Uganda Takes A Giant Leap Backwards In The Global Struggle Against HIV & AIDS

Published: May 14, 2014

The International Community of Women Living with HIV condemns the passage of the HIV Prevention and AIDS Control Bill 2010 by the Uganda 9th Parliament. The Bill endangers the lives of Ugandan women living with HIV and undermines Uganda’s already backsliding response to HIV.

The passage of the HIV Prevention and AIDS Control Bill represents a dangerous backslide in Uganda’s efforts to respond to HIV. While the Bill may have been intended to facilitate and improve the HIV response in Uganda, it contains many poorly conceived and fear-induced provisions that have no place in a public health and human-rights-based response to HIV. The Bill will weaken Uganda’s HIV prevention efforts and will have a disproportionate and detrimental impact on the rights of women and girls living with HIV.

The International Community of Women Living with HIV Eastern Africa (ICW Eastern Africa) are extremely concerned about the devastating impact that this law will have on the daily lives of women in Uganda.

“It is disappointing that the Members of Parliament that we have engaged for so long, have ignored all the evidence, science and reason that we advanced as civil society organisations together with technocrats and scientists and chose instead, to act out of fear and unfounded hysteria – betraying the very will of the people that elected them to Parliament to represent their issues,” said Lillian Mworeko, Regional Coordinator ICW Eastern Africa.

The Bill includes outdated and dangerous provisions for mandatory testing of pregnant women and their partners under Clause 14 (b) and (c). Mandatory testing of people living with HIV is a violation of fundamental human rights and accepted principles of informed consent. Women, who will likely be the frequent target of these provisions, will shy away from medical services, negatively impacting antenatal care attendance. The devastating result of this will be that more children are at risk of being infected through vertical transmission. Currently, by using proven strategies that emphasize voluntary counseling and testing, Uganda is striving towards zero infections from mother to child. However, Uganda’s gains could be lost if women are forced to test every time they visit a health facility. HIV testing of pregnant women, their partners, and victims of sexual offenses, must always be voluntary and conducted with informed consent.

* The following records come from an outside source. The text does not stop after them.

lemma des_before_subsequence:
  assumes d: "distinct x"
    and q1: "\<forall>m<length y. q m < length x \<and> y ! m = x ! q m"
    and q2: "strict_mono q"
  shows "m \<le> m' \<Longrightarrow> m' < length y \<Longrightarrow>
    des_before y m' + des_before x (q m) \<le> des_before y m + des_before x (q m')"
proof (induction m')
  case 0 then show ?case by simp
next
  case (Suc m')
  show ?case
  proof (cases "m = Suc m'")
    case True then show ?thesis by simp
  next
    case False
    then have mm: "m \<le> m'" using Suc.prems by simp
    have IH: "des_before y m' + des_before x (q m) \<le> des_before y m + des_before x (q m')"
      using Suc.IH mm Suc.prems by simp
    have qq: "q m' < q (Suc m')" "q (Suc m') < length x"
      using q1 Suc.prems strict_monoD[OF q2, of m' "Suc m'"] by auto
    have step:
      "des_before y (Suc m') + des_before x (q m') \<le> des_before y m' + des_before x (q (Suc m'))"
    proof (cases "y ! Suc m' < y ! m'")
      case True
      then have "x ! q (Suc m') < x ! q m'" using q1 Suc.prems by simp
      then have "des_before x (q m') < des_before x (q (Suc m'))"
        using des_before_less_if_descent[OF d qq] by simp
      then show ?thesis using des_before_Suc[of y m'] by simp
    next
      case False
      have "des_before x (q m') \<le> des_before x (q (Suc m'))" using qq by (intro des_before_mono) simp
      then show ?thesis using des_before_Suc[of y m'] False by simp
    qed
    show ?thesis using IH step by simp
  qed
qed

lemma des_subsequence:
  assumes d: "distinct x"
    and q1: "\<forall>m<length y. q m < length x \<and> y ! m = x ! q m"
    and q2: "strict_mono q"
  shows "des y \<le> des x" and "des y = des x \<Longrightarrow> m < length y \<Longrightarrow> des_before x (q m) = des_before y m"
proof -
  show "des y \<le> des x"
  proof (cases "y = []")
    case True then show ?thesis by (simp add: des_def)
  next
    case False
    let ?L = "length y - 1"
    have "des_before y ?L + des_before x (q 0) \<le> des_before y 0 + des_before x (q ?L)"
      using des_before_subsequence[OF assms, of 0 ?L] False by simp
    then have "des y \<le> des_before x (q ?L)" using des_last[OF False] des_before_0[of y] by simp
    then show ?thesis using des_before_le_des[of x "q ?L"] by simp
  qed
  assume e: "des y = des x" and m: "m < length y"
  then have ne: "y \<noteq> []" by auto
  let ?L = "length y - 1"
  have a: "des_before y ?L + des_before x (q m) \<le> des_before y m + des_before x (q ?L)"
    using des_before_subsequence[OF assms, of m ?L] m by simp
  have b: "des_before y m + des_before x (q 0) \<le> des_before y 0 + des_before x (q m)"
    using des_before_subsequence[OF assms, of 0 m] m by simp
  have "des_before x (q ?L) \<le> des x" by (rule des_before_le_des)
  then show "des_before x (q m) = des_before y m" using a b e des_last[OF ne] des_before_0[of y] by simp
qed

lemma des_nths: "distinct x \<Longrightarrow> des (nths x I) \<le> des x"
  using nths_positions[of x I] des_subsequence(1) by blast

lemma des_nths_eq:
  assumes "distinct x" "des (nths x I) = des x"
  shows "\<exists>q. \<forall>m<length (nths x I).
           q m < length x \<and> nths x I ! m = x ! q m \<and> des_before x (q m) = des_before (nths x I) m"
proof -
  obtain q where q: "strict_mono q" "\<forall>m<length (nths x I). q m < length x \<and> nths x I ! m = x ! q m"
    using nths_positions[of x I] by blast
  show ?thesis using des_subsequence(2)[OF assms(1) q(2,1) assms(2)] q(2) by (intro exI[of _ q]) simp
qed

lemma contains_des: "contains a b \<Longrightarrow> distinct b \<Longrightarrow> des a \<le> des b"
  unfolding contains_def occurrence_def
  using same_order_des des_nths by (metis same_order_sym)

lemma contains_length: "contains a b \<Longrightarrow> length a \<le> length b"
proof -
  assume "contains a b"
  then obtain I where I: "I \<subseteq> {..<length b}" "same_order (nths b I) a"
    unfolding contains_def occurrence_def by blast
  have "length a = card I" using same_order_length[OF I(2)] length_nths_subset[OF I(1)] by simp
  also have "\<dots> \<le> length b" using card_mono[OF _ I(1)] by simp
  finally show ?thesis .
qed

lemma contains_refl: "contains x x"
  unfolding contains_def occurrence_def
  by (rule exI[of _ "{..<length x}"]) (simp add: same_order_refl)

lemma contains_trans:
  assumes "contains a b" "contains b c" "distinct c"
  shows "contains a c"
proof -
  obtain I where I: "I \<subseteq> {..<length b}" "same_order (nths b I) a"
    using assms(1) unfolding contains_def occurrence_def by blast
  obtain J where J: "J \<subseteq> {..<length c}" "same_order (nths c J) b"
    using assms(2) unfolding contains_def occurrence_def by blast
  have "same_order (nths (nths c J) I) (nths b I)"
    by (rule same_order_nths[OF _ J(2)]) (simp add: assms(3))
  then have so: "same_order (nths c {i \<in> J. \<exists>j\<in>I. card {i' \<in> J. i' < i} = j}) a"
    unfolding nths_nths using I(2) same_order_trans by blast
  show ?thesis unfolding contains_def occurrence_def
    by (rule exI, rule conjI[OF _ so]) (use J(1) in auto)
qed

lemma contains_same_order:
  assumes "same_order x w" "contains z w" "distinct x"
  shows "contains z x"
proof -
  obtain I where I: "I \<subseteq> {..<length w}" "same_order (nths w I) z"
    using assms(2) unfolding contains_def occurrence_def by blast
  have "same_order (nths x I) (nths w I)" by (rule same_order_nths[OF assms(3,1)])
  then have "same_order (nths x I) z" using I(2) same_order_trans by blast
  moreover have "I \<subseteq> {..<length x}" using I(1) same_order_length[OF assms(1)] by simp
  ultimately show ?thesis unfolding contains_def occurrence_def by blast
qed

lemma contains_eq:
  assumes "contains a b" "is_perm a" "is_perm b" "length a = length b"
  shows "a = b"
proof -
  obtain I where I: "I \<subseteq> {..<length b}" "same_order (nths b I) a"
    using assms(1) unfolding contains_def occurrence_def by blast
  have "card I = length b" using same_order_length[OF I(2)] length_nths_subset[OF I(1)] assms(4) by simp
  then have "I = {..<length b}" using card_subset_eq[OF _ I(1)] by simp
  then have "same_order b a" using I(2) by simp
  then show ?thesis using same_order_perm_eq assms(2,3) same_order_sym by metis
qed

lemma contains_length_less:
  "contains a b \<Longrightarrow> is_perm a \<Longrightarrow> is_perm b \<Longrightarrow> a \<noteq> b \<Longrightarrow> length a < length b"
  using contains_eq contains_length le_neq_implies_less by blast

lemma contains_iff: "contains z x \<longleftrightarrow> (\<exists>K. same_order (nths x K) z)"
proof
  assume "\<exists>K. same_order (nths x K) z"
  then obtain K where K: "same_order (nths x K) z" by blast
  have "nths x K = nths x (K \<inter> {..<length x})" by (rule nths_cong_len) auto
  then show "contains z x"
    using K unfolding contains_def occurrence_def by (intro exI[of _ "K \<inter> {..<length x}"]) auto
qed (auto simp: contains_def occurrence_def)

“The fact that Uganda is even considering mandatory testing of pregnant women or victims of sexual violence, represents a major step backwards for a country which showed early promise as an effective responder to HIV. Unfortunately, fear and misinformation have over ridden the facts,” said Jessica Whitbread, Global Director of the International Community of Women Living with HIV (ICW).

Despite growing international consensus that criminalization is counter productive to HIV prevention strategies, this Bill creates unnecessary and ill-advised laws that criminalize attempted and intentional transmission of HIV. Existing criminal law in Uganda already sufficiently addresses criminal acts and creating an additional, parallel set of laws under this Bill does not serve any public health or HIV prevention function. Instead, this law will serve only to target, persecute and punish people living with HIV. Criminalization will result in increased stigma and discrimination against people living with HIV, which are key drivers of the HIV epidemic. These measures will disproportionately impact women, who are more likely to know their HIV status through pregnancy related medical care. For these reasons, ICW unequivocally opposes the criminalization of HIV status.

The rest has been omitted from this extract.